Bassist Allan Crockford produced the single "Strawberries are Growing in My Garden (and It's Wintertime)" by fellow Medway band, The Dentists. He joined James Taylor in the James Taylor Quartet. Graham Day continues to perform in a number of different beat combos, such as the Solar Flares, and MBEs alongside Billy Childish and Wolf Howard.

==Post break-up activities==
Since splitting up the members of The Prisoners have featured in a wide range of bands. James Taylor and Allan Crockford formed mainstream jazz funk band the James Taylor Quartet in 1986, although Allan Crockford is no longer part of their line-up. The Solarflares, who released four albums before splitting up in 2004, were Graham Day and Allan Crockford basically reprising The Prisoners sound along with drummer Wolf Howard and Mr Parsley on organ. Other bands who have featured former members of The Prisoners are Planet, The Buff Medways, The Prime Movers, Thee Mighty Caesars, The Stabilisers and The Galileo 7. Day fronted Graham Day & the Gaolers, who released their first album, Soundtrack to the Daily Grind, in November 2007. Their second album Triple Distilled was released on the Damaged Goods label in 2008.

In 2014 A Taste of Pink was re-released again by Ace Records.

==Discography==
===Studio albums===
- A Taste of Pink! [Own-Up – 1982]
- The Wisermiserdemelza [Big Beat – 1983]
- The Last Fourfathers [Own-Up – 1985]
- In From the Cold [Countdown – 1986]
- Morning Star [Own-Up - 2024]

===Compilation albums===
- The Revenge of The Prisoners [Pink Dust – 1984] (U.S Compilation)
- Rare and Unissued [Hangman – 1988]
- Hurricane: The Best of The Prisoners CD [Big Beat – 2004]

===Live albums===
- Thee Milkshakes vs.
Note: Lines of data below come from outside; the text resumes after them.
(* Let $X$ be a compactum, let $n\geq2$, and let $f:X\to X$ be a function. Consider the statements: (1) $f$ is multi-transitive; (2) $F_n(f)$ is multi-transitive; (3) $SF_n(f)$ is multi-transitive. Then (2) and (3) are equivalent, and (2) implies (1).
   Context: A compactum is a nondegenerate compact, perfect, Hausdorff topological space. $F_n(X)$ is the set of nonempty subsets of $X$ with at most $n$ points, with the Vietoris topology; $F_1(X)=\{\{x\}:x\in X\}$; $F_n(f)(A)=f(A)$. $SF_n(X)=F_n(X)/F_1(X)$ is the quotient collapsing $F_1(X)$ to a point, $q$ the quotient map, $F_X=q(F_1(X))$, and $SF_n(f)(\chi)=q(F_n(f)(q^{-1}(\chi)))$ for $\chi\neq F_X$, $SF_n(f)(F_X)=F_X$. A function $g:Z\to Z$ is transitive if for all nonempty open $U,V\subseteq Z$ there is $k\in\mathbb{N}$ with $g^k(U)\cap V\neq\emptyset$; $g$ is multi-transitive if for every $m\in\mathbb{N}$ the product $g\times g^2\times\cdots\times g^m:Z^m\to Z^m$ is transitive. *)

theory Defs
  imports "HOL-Analysis.Analysis"
begin

definition compactum :: "'a topology \<Rightarrow> bool" where
  "compactum X \<longleftrightarrow> compact_space X \<and> Hausdorff_space X \<and>
     X derived_set_of topspace X = topspace X \<and>
     (\<exists>x\<in>topspace X. \<exists>y\<in>topspace X. x \<noteq> y)"

definition Fn_set :: "nat \<Rightarrow> 'a topology \<Rightarrow> 'a set set" where
  "Fn_set n X = {A. A \<subseteq> topspace X \<and> A \<noteq> {} \<and> finite A \<and> card A \<le> n}"

text \<open>Vietoris topology on F_n(X) (as subspace of the hyperspace): generated by
  the subbasic sets <U> = {A. A \<subseteq> U} and [U] = {A. A \<inter> U \<noteq> {}}, U open in X.\<close>
definition Fn :: "nat \<Rightarrow> 'a topology \<Rightarrow> 'a set topology" where
  "Fn n X = topology_generated_by
     ((\<lambda>U. {A \<in> Fn_set n X. A \<subseteq> U}) ` {U. openin X U} \<union>
      (\<lambda>U. {A \<in> Fn_set n X. A \<inter> U \<noteq> {}}) ` {U. openin X U})"

definition Fn_map :: "('a \<Rightarrow> 'a) \<Rightarrow> 'a set \<Rightarrow> 'a set" where
  "Fn_map f A = f ` A"

definition F1_set :: "'a topology \<Rightarrow> 'a set set" where
  "F1_set X = {{x} | x. x \<in> topspace X}"

definition quotient_topology :: "'b topology \<Rightarrow> ('b \<Rightarrow> 'c) \<Rightarrow> 'c topology" where
  "quotient_topology Z q = topology (\<lambda>U. U \<subseteq> q ` topspace Z \<and>
       openin Z {z \<in> topspace Z. q z \<in> U})"

lemma istopology_quotient:
  "istopology (\<lambda>U. U \<subseteq> q ` topspace Z \<and> openin Z {z \<in> topspace Z. q z \<in> U})"
  unfolding istopology_def
proof (rule conjI; intro allI impI)
  fix S T assume hS: "S \<subseteq> q ` topspace Z \<and> openin Z {z \<in> topspace Z. q z \<in> S}"
    and hT: "T \<subseteq> q ` topspace Z \<and> openin Z {z \<in> topspace Z. q z \<in> T}"
  have e: "{z \<in> topspace Z. q z \<in> S \<inter> T} = {z \<in> topspace Z. q z \<in> S} \<inter> {z \<in> topspace Z. q z \<in> T}"
    by auto
  show "S \<inter> T \<subseteq> q ` topspace Z \<and> openin Z {z \<in> topspace Z. q z \<in> S \<inter> T}"
    unfolding e using hS hT by auto
next
  fix K assume K: "\<forall>S\<in>K. S \<subseteq> q ` topspace Z \<and> openin Z {z \<in> topspace Z. q z \<in> S}"
  have e: "{z \<in> topspace Z. q z \<in> \<Union>K} = (\<Union>S\<in>K. {z \<in> topspace Z. q z \<in> S})" by auto
  show "\<Union>K \<subseteq> q ` topspace Z \<and> openin Z {z \<in> topspace Z. q z \<in> \<Union>K}"
    unfolding e using K by auto
qed

lemma openin_quotient_topology:
  "openin (quotient_topology Z q) U \<longleftrightarrow>
     U \<subseteq> q ` topspace Z \<and> openin Z {z \<in> topspace Z. q z \<in> U}"
  unfolding quotient_topology_def using istopology_quotient by (simp add: topology_inverse'[OF istopology_quotient])

text \<open>The quotient map q: each point of F_n(X) is sent to its equivalence class,
  where the only nontrivial class is F_1(X) itself.\<close>
definition SF_q :: "nat \<Rightarrow> 'a topology \<Rightarrow> 'a set \<Rightarrow> 'a set set" where
  "SF_q n X A = (if A \<in> F1_set X then F1_set X else {A})"

definition SFn :: "nat \<Rightarrow> 'a topology \<Rightarrow> 'a set set topology" where
  "SFn n X = quotient_topology (Fn n X) (SF_q n X)"

definition SF_base :: "nat \<Rightarrow> 'a topology \<Rightarrow> 'a set set" where
  "SF_base n X = F1_set X"

text \<open>SF_n(f)(chi) = q(F_n(f)(q^{-1}(chi))) for chi \<noteq> F_X (q^{-1}(chi) is a single
  point then), and SF_n(f)(F_X) = F_X.\<close>
definition SFn_map :: "nat \<Rightarrow> 'a topology \<Rightarrow> ('a \<Rightarrow> 'a) \<Rightarrow> 'a set set \<Rightarrow> 'a set set" where
  "SFn_map n X f c = (if c = SF_base n X then SF_base n X
     else SF_q n X (Fn_map f (THE A. A \<in> topspace (Fn n X) \<and> SF_q n X A = c)))"

definition transitive_on :: "'b topology \<Rightarrow> ('b \<Rightarrow> 'b) \<Rightarrow> bool" where
  "transitive_on Z g \<longleftrightarrow>
     (\<forall>U V. openin Z U \<and> U \<noteq> {} \<and> openin Z V \<and> V \<noteq> {} \<longrightarrow>
        (\<exists>k::nat. k \<ge> 1 \<and> (g ^^ k) ` U \<inter> V \<noteq> {}))"

text \<open>The product g \<times> g^2 \<times> ... \<times> g^m on Z^m, with Z^m the product topology
  indexed by {0..<m} (coordinate i carries g^(i+1)).\<close>
definition prod_iter_map :: "nat \<Rightarrow> ('b \<Rightarrow> 'b) \<Rightarrow> (nat \<Rightarrow> 'b) \<Rightarrow> (nat \<Rightarrow> 'b)" where
  "prod_iter_map m g x = (\<lambda>i\<in>{..<m}. (g ^^ Suc i) (x i))"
The Prisoners [Media Burn Records −1984]
Melanie/Reaching My Head/Hurricane/American Jingle/96 Tears/A Taste of Pink//Love My Lies
- The Last Night at the MIC [Empire Records – 1985]
Coming Home/Revenge of the Cybermen/There's A Time/Runaway/Little Shadows/Sitting on My Sofa/Don't Call My Name.

===Extended plays===
- Electric Fit [Big Beat – 1984]
Melanie/What I Want/The Last Thing on Your Mind/Revenge of the Cybermen
- There's A Time – 10 Inch Single [Munster Records – 1999] Spanish Release
There's a Time/Revenge of the Cybermen/I'm Looking For You/96 Tears

===Singles===
- "Hurricane"/"Tomorrow She Said" [Big Beat – 1983]
- "There's A Time"/"Revenge of the Cybermen" [Sky Dog – 1983] French Release
- "Whenever I'm Gone"/"Promised Land" [Countdown – 1986]
- "Whenever I'm Gone" / "Promised Land", "Gravedigger" – 12 Inch Single [Countdown – 1986]
- "Shine on Me"/"Judgement Song" [Deceptive – 1997]
- "Shine on Me" / "Judgement Song" / "Small" CD single [Deceptive – 1997]

===Compilation EPs===
- Four on 4 [Big Beat – 1984] Included the track Reaching My Head, along with Thee Milkshakes Out of Control, The Sing-Rays Come on Kid, and Tall Boys Ride This Torpedo.